## WHAT IS BEING ASKED
Track down every line below that holds "auto" and copy it.

## THE DATA
....................

lemma ou_admissible_terminal_state:
  assumes "T \<ge> 0" and \<theta>: "continuous_on {0..T} \<theta>"
    and adm: "ou_admissible T lam \<theta> x0 xT v x"
  shows "x T - xT = exp (- integral {0..T} \<theta>) *\<^sub>R (x0 - xT)
    + integral {0..T} (\<lambda>s. ou_kernel T lam \<theta> s *\<^sub>R v s)"
proof -
  define \<Theta> where "\<Theta> t = integral {0..t} \<theta>" for t
  define g where "g = ou_g lam \<theta>"
  from adm have x0: "x 0 = x0" and dx: "\<And>t. t \<in> {0..T} \<Longrightarrow>
      (x has_vector_derivative \<theta> t *\<^sub>R (xT - x t) + g t *\<^sub>R v t) (at t within {0..T})"
    unfolding ou_admissible_def g_def by auto
  have "((\<lambda>t. exp (\<Theta> t) *\<^sub>R (x t - xT)) has_vector_derivative (exp (\<Theta> t) * g t) *\<^sub>R v t)
      (at t within {0..T})" if t: "t \<in> {0..T}" for t
    using integral_has_real_derivative[OF \<theta> t] dx[OF t] unfolding \<Theta>_def
    by (auto intro!: derivative_eq_intros simp: algebra_simps)
  then have ftc: "((\<lambda>t. (exp (\<Theta> t) * g t) *\<^sub>R v t) has_integral
      exp (\<Theta> T) *\<^sub>R (x T - xT) - (x0 - xT)) {0..T}"
    using fundamental_theorem_of_calculus[OF \<open>T \<ge> 0\<close>, of "\<lambda>t. exp (\<Theta> t) *\<^sub>R (x t - xT)"]
    by (simp add: \<Theta>_def x0)
  have kernel: "ou_kernel T lam \<theta> s *\<^sub>R v s = exp (- \<Theta> T) *\<^sub>R ((exp (\<Theta> s) * g s) *\<^sub>R v s)" for s
    by (simp add: ou_kernel_def \<Theta>_def g_def exp_diff exp_minus field_simps)
  have "((\<lambda>s. ou_kernel T lam \<theta> s *\<^sub>R v s) has_integral
      exp (- \<Theta> T) *\<^sub>R (exp (\<Theta> T) *\<^sub>R (x T - xT) - (x0 - xT))) {0..T}"
    unfolding kernel by (rule has_integral_cmul[OF ftc])
  then show ?thesis
    by (simp add: integral_unique \<Theta>_def scaleR_diff_right flip: exp_add)
qed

....................

## PROBLEM SOLUTION
    unfolding ou_admissible_def g_def by auto
    by (auto intro!: derivative_eq_intros simp: algebra_simps)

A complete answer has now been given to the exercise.